======== The records

lemma spectral_hypothesis_consequences:
  fixes a b x y :: "'a::complex_banach_algebra_1"
  assumes X: "is_gdrazin_inverse a x" and Y: "is_gdrazin_inverse b y"
    and H: "a * b = l *\<^sub>C ((1 - a * x) * b * a * (1 - b * y))"
  shows "x * b = 0" and "a * y = 0" and "a * b = l *\<^sub>C (b * a)"
proof -
  have ax: "a * x = x * a" and xax: "x * a * x = x"
    using X unfolding is_gdrazin_inverse_def by auto
  have by_: "b * y = y * b" and yby: "y * b * y = y"
    using Y unfolding is_gdrazin_inverse_def by auto
  have "x * (a * b) = l *\<^sub>C (x * (1 - a * x) * b * a * (1 - b * y))"
    unfolding H by (simp add: mult_scaleC_right mult.assoc)
  also have "x * (1 - a * x) = 0" using xax by (simp add: right_diff_distrib mult.assoc)
  finally have "x * (a * b) = 0" by simp
  moreover have "x * b = x * x * (a * b)" using xax ax by (metis mult.assoc)
  ultimately show xb: "x * b = 0" by (simp add: mult.assoc)
  have "a * b * y = l *\<^sub>C ((1 - a * x) * b * a * ((1 - b * y) * y))"
    unfolding H by (simp add: mult_scaleC_left mult.assoc)
  also have "(1 - b * y) * y = 0" using yby by_ by (simp add: left_diff_distrib)
  finally have "a * b * y = 0" by simp
  moreover have "a * y = a * b * y * y" using yby by_ by (metis mult.assoc)
  ultimately show ay: "a * y = 0" by simp
  have "(1 - a * x) * b = b" using xb by (simp add: left_diff_distrib mult.assoc)
  moreover have "a * (1 - b * y) = a" using ay by_ by (simp add: right_diff_distrib flip: mult.assoc)
  ultimately have "(1 - a * x) * b * a * (1 - b * y) = b * a" by (metis mult.assoc)
  with H show "a * b = l *\<^sub>C (b * a)" by simp
qed
text \<open>The generating function of the reduced triples records the sums 0, 18, 25, 28 of the bases.\<close>
lemma region_gf_reduced: "region_gf reduced = 1 + fps_X ^ 18 + fps_X ^ 25 + fps_X ^ 28"
proof (rule fps_ext)
  fix n
  have "region reduced (int n) = {b \<in> bases. tsum b = int n}"
    using reduced_communal_iff_base by (auto simp: region_def)
  also have "\<dots> = (if n = 0 then {(0, 0, 0)} else if n = 18 then {(6, 7, 5)}
                   else if n = 25 then {(8, 10, 7)} else if n = 28 then {(9, 11, 8)} else {})"
    by (auto simp: bases_def tsum_def)
  finally show "fps_nth (region_gf reduced) n = fps_nth (1 + fps_X ^ 18 + fps_X ^ 25 + fps_X ^ 28) n"
    by (simp add: region_gf_def num_region_def)
qed

section \<open>The cases g = 100 and g = 101\<close>

text \<open>Upper bounds on the entries of a communal triple of sum g; for g = 100, 101 they leave
  only a handful of candidates.\<close>
lemma region_bounds:
  assumes "(a, b, c) \<in> region Q g"
  shows "3 * a \<le> g" "5 * b \<le> 2 * g" "7 * c \<le> 2 * g" "a + b + c = g"
  using assms by (auto simp: region_def is_communal_def slack1_def slack2_def slack3_def tsum_def)

lemma region_100: "region (\<lambda>_. True) 100 = {(32, 40, 28), (33, 39, 28), (33, 40, 27)}"
proof (intro set_eqI iffI)
  fix t assume "t \<in> region (\<lambda>_. True) 100"
  moreover obtain a b c where t: "t = (a, b, c)" by (cases t)
  ultimately have "(a, b, c) \<in> region (\<lambda>_. True) 100" by simp
  from region_bounds[OF this] have "a \<le> 33" "b \<le> 40" "c \<le> 28" "a + b + c = 100"
    by linarith+
  then show "t \<in> {(32, 40, 28), (33, 39, 28), (33, 40, 27)}"
    unfolding t by (cases "a = 33"; cases "b = 40") simp_all
qed (auto simp: region_def is_communal_def slack1_def slack2_def slack3_def tsum_def)

lemma region_101: "region (\<lambda>_. True) 101 = {(33, 40, 28)}"
proof (intro set_eqI iffI)
  fix t assume "t \<in> region (\<lambda>_. True) 101"
  moreover obtain a b c where t: "t = (a, b, c)" by (cases t)
  ultimately have "(a, b, c) \<in> region (\<lambda>_. True) 101" by simp
  from region_bounds[OF this] have "a \<le> 33" "b \<le> 40" "c \<le> 28" "a + b + c = 101"
    by linarith+
  then show "t \<in> {(33, 40, 28)}" unfolding t by simp
qed (auto simp: region_def is_communal_def slack1_def slack2_def slack3_def tsum_def)

theorem mainTheorem12:
  fixes \<alpha> :: "rat \<times> rat \<times> rat"
  assumes "\<alpha> = (1/3, 2/5, 2/7)"
  shows "(\<forall>t. communal \<alpha> t \<longrightarrow>
            (\<exists>b\<in>{(0,0,0), (6,7,5), (8,10,7), (9,11,8)}. \<exists>n1 n2 n3 :: nat.
               t = tadd b (tadd (tscale n1 (5,6,4)) (tadd (tscale n2 (7,8,6)) (tscale n3 (11,14,10))))))
       \<and> Abs_fps (\<lambda>g. of_nat (fcount \<alpha> g) :: rat)
           = (1 + fps_X ^ 18 + fps_X ^ 25 + fps_X ^ 28)
             / ((1 - fps_X ^ 15) * (1 - fps_X ^ 21) * (1 - fps_X ^ 35))
       \<and> fcount \<alpha> 100 = 3
       \<and> communal_set \<alpha> 100 = {(32,40,28), (33,39,28), (33,40,27)}
       \<and> fcount \<alpha> 101 = 1
       \<and> communal_set \<alpha> 101 = {(33,40,28)}"
proof -
  have sets: "communal_set \<alpha> g = region (\<lambda>_. True) (int g)" for g
    by (simp add: communal_set_def region_def assms communal_iff_is_communal)
  have decomposition: "\<forall>t. communal \<alpha> t \<longrightarrow>
            (\<exists>b\<in>{(0,0,0), (6,7,5), (8,10,7), (9,11,8)}. \<exists>n1 n2 n3 :: nat.
               t = tadd b (tadd (tscale n1 (5,6,4)) (tadd (tscale n2 (7,8,6)) (tscale n3 (11,14,10)))))"
    using communal_decomposable
    by (simp add: assms communal_iff_is_communal decomposable_def bases_def gen1_def gen2_def gen3_def)
  define D :: "rat fps" where "D = (1 - fps_X ^ 15) * (1 - fps_X ^ 21) * (1 - fps_X ^ 35)"
  have "fps_nth D 0 \<noteq> 0" by (simp add: D_def)
  then have "(1 + fps_X ^ 18 + fps_X ^ 25 + fps_X ^ 28) / D = region_gf (\<lambda>_. True)"
    using region_gf_product region_gf_reduced unfolding D_def[symmetric]
    by (metis fps_divide_unit mult.assoc mult.right_neutral inverse_mult_eq_1')
  moreover have "Abs_fps (\<lambda>g. of_nat (fcount \<alpha> g)) = region_gf (\<lambda>_. True)"
    by (simp add: fcount_def region_gf_def num_region_def sets)
  ultimately show ?thesis
    using decomposition region_100 region_101 by (simp add: D_def fcount_def sets)
qed

end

================

### What is being asked
Once you have read the records above, set each one down again exactly.

### Exercise response
lemma spectral_hypothesis_consequences:
  fixes a b x y :: "'a::complex_banach_algebra_1"
  assumes X: "is_gdrazin_inverse a x" and Y: "is_gdrazin_inverse b y"
    and H: "a * b = l *\<^sub>C ((1 - a * x) * b * a * (1 - b * y))"
  shows "x * b = 0" and "a * y = 0" and "a * b = l *\<^sub>C (b * a)"
proof -
  have ax: "a * x = x * a" and xax: "x * a * x = x"
    using X unfolding is_gdrazin_inverse_def by auto
  have by_: "b * y = y * b" and yby: "y * b * y = y"
    using Y unfolding is_gdrazin_inverse_def by auto
  have "x * (a * b) = l *\<^sub>C (x * (1 - a * x) * b * a * (1 - b * y))"
    unfolding H by (simp add: mult_scaleC_right mult.assoc)
  also have "x * (1 - a * x) = 0" using xax by (simp add: right_diff_distrib mult.assoc)
  finally have "x * (a * b) = 0" by simp
  moreover have "x * b = x * x * (a * b)" using xax ax by (metis mult.assoc)
  ultimately show xb: "x * b = 0" by (simp add: mult.assoc)
  have "a * b * y = l *\<^sub>C ((1 - a * x) * b * a * ((1 - b * y) * y))"
    unfolding H by (simp add: mult_scaleC_left mult.assoc)
  also have "(1 - b * y) * y = 0" using yby by_ by (simp add: left_diff_distrib)
  finally have "a * b * y = 0" by simp
  moreover have "a * y = a * b * y * y" using yby by_ by (metis mult.assoc)
  ultimately show ay: "a * y = 0" by simp
  have "(1 - a * x) * b = b" using xb by (simp add: left_diff_distrib mult.assoc)
  moreover have "a * (1 - b * y) = a" using ay by_ by (simp add: right_diff_distrib flip: mult.assoc)
  ultimately have "(1 - a * x) * b * a * (1 - b * y) = b * a" by (metis mult.assoc)
  with H show "a * b = l *\<^sub>C (b * a)" by simp
qed
text \<open>The generating function of the reduced triples records the sums 0, 18, 25, 28 of the bases.\<close>
lemma region_gf_reduced: "region_gf reduced = 1 + fps_X ^ 18 + fps_X ^ 25 + fps_X ^ 28"
proof (rule fps_ext)
  fix n
  have "region reduced (int n) = {b \<in> bases. tsum b = int n}"
    using reduced_communal_iff_base by (auto simp: region_def)
  also have "\<dots> = (if n = 0 then {(0, 0, 0)} else if n = 18 then {(6, 7, 5)}
                   else if n = 25 then {(8, 10, 7)} else if n = 28 then {(9, 11, 8)} else {})"
    by (auto simp: bases_def tsum_def)
  finally show "fps_nth (region_gf reduced) n = fps_nth (1 + fps_X ^ 18 + fps_X ^ 25 + fps_X ^ 28) n"
    by (simp add: region_gf_def num_region_def)
qed

section \<open>The cases g = 100 and g = 101\<close>

text \<open>Upper bounds on the entries of a communal triple of sum g; for g = 100, 101 they leave
  only a handful of candidates.\<close>
lemma region_bounds:
  assumes "(a, b, c) \<in> region Q g"
  shows "3 * a \<le> g" "5 * b \<le> 2 * g" "7 * c \<le> 2 * g" "a + b + c = g"
  using assms by (auto simp: region_def is_communal_def slack1_def slack2_def slack3_def tsum_def)

lemma region_100: "region (\<lambda>_. True) 100 = {(32, 40, 28), (33, 39, 28), (33, 40, 27)}"
proof (intro set_eqI iffI)
  fix t assume "t \<in> region (\<lambda>_. True) 100"
  moreover obtain a b c where t: "t = (a, b, c)" by (cases t)
  ultimately have "(a, b, c) \<in> region (\<lambda>_. True) 100" by simp
  from region_bounds[OF this] have "a \<le> 33" "b \<le> 40" "c \<le> 28" "a + b + c = 100"
    by linarith+
  then show "t \<in> {(32, 40, 28), (33, 39, 28), (33, 40, 27)}"
    unfolding t by (cases "a = 33"; cases "b = 40") simp_all
qed (auto simp: region_def is_communal_def slack1_def slack2_def slack3_def tsum_def)

lemma region_101: "region (\<lambda>_. True) 101 = {(33, 40, 28)}"
proof (intro set_eqI iffI)
  fix t assume "t \<in> region (\<lambda>_. True) 101"
  moreover obtain a b c where t: "t = (a, b, c)" by (cases t)
  ultimately have "(a, b, c) \<in> region (\<lambda>_. True) 101" by simp
  from region_bounds[OF this] have "a \<le> 33" "b \<le> 40" "c \<le> 28" "a + b + c = 101"
    by linarith+
  then show "t \<in> {(33, 40, 28)}" unfolding t by simp
qed (auto simp: region_def is_communal_def slack1_def slack2_def slack3_def tsum_def)

theorem mainTheorem12:
  fixes \<alpha> :: "rat \<times> rat \<times> rat"
  assumes "\<alpha> = (1/3, 2/5, 2/7)"
  shows "(\<forall>t. communal \<alpha> t \<longrightarrow>
            (\<exists>b\<in>{(0,0,0), (6,7,5), (8,10,7), (9,11,8)}. \<exists>n1 n2 n3 :: nat.
               t = tadd b (tadd (tscale n1 (5,6,4)) (tadd (tscale n2 (7,8,6)) (tscale n3 (11,14,10))))))
       \<and> Abs_fps (\<lambda>g. of_nat (fcount \<alpha> g) :: rat)
           = (1 + fps_X ^ 18 + fps_X ^ 25 + fps_X ^ 28)
             / ((1 - fps_X ^ 15) * (1 - fps_X ^ 21) * (1 - fps_X ^ 35))
       \<and> fcount \<alpha> 100 = 3
       \<and> communal_set \<alpha> 100 = {(32,40,28), (33,39,28), (33,40,27)}
       \<and> fcount \<alpha> 101 = 1
       \<and> communal_set \<alpha> 101 = {(33,40,28)}"
proof -
  have sets: "communal_set \<alpha> g = region (\<lambda>_. True) (int g)" for g
    by (simp add: communal_set_def region_def assms communal_iff_is_communal)
  have decomposition: "\<forall>t. communal \<alpha> t \<longrightarrow>
            (\<exists>b\<in>{(0,0,0), (6,7,5), (8,10,7), (9,11,8)}. \<exists>n1 n2 n3 :: nat.
               t = tadd b (tadd (tscale n1 (5,6,4)) (tadd (tscale n2 (7,8,6)) (tscale n3 (11,14,10)))))"
    using communal_decomposable
    by (simp add: assms communal_iff_is_communal decomposable_def bases_def gen1_def gen2_def gen3_def)
  define D :: "rat fps" where "D = (1 - fps_X ^ 15) * (1 - fps_X ^ 21) * (1 - fps_X ^ 35)"
  have "fps_nth D 0 \<noteq> 0" by (simp add: D_def)
  then have "(1 + fps_X ^ 18 + fps_X ^ 25 + fps_X ^ 28) / D = region_gf (\<lambda>_. True)"
    using region_gf_product region_gf_reduced unfolding D_def[symmetric]
    by (metis fps_divide_unit mult.assoc mult.right_neutral inverse_mult_eq_1')
  moreover have "Abs_fps (\<lambda>g. of_nat (fcount \<alpha> g)) = region_gf (\<lambda>_. True)"
    by (simp add: fcount_def region_gf_def num_region_def sets)
  ultimately show ?thesis
    using decomposition region_100 region_101 by (simp add: D_def fcount_def sets)
qed

end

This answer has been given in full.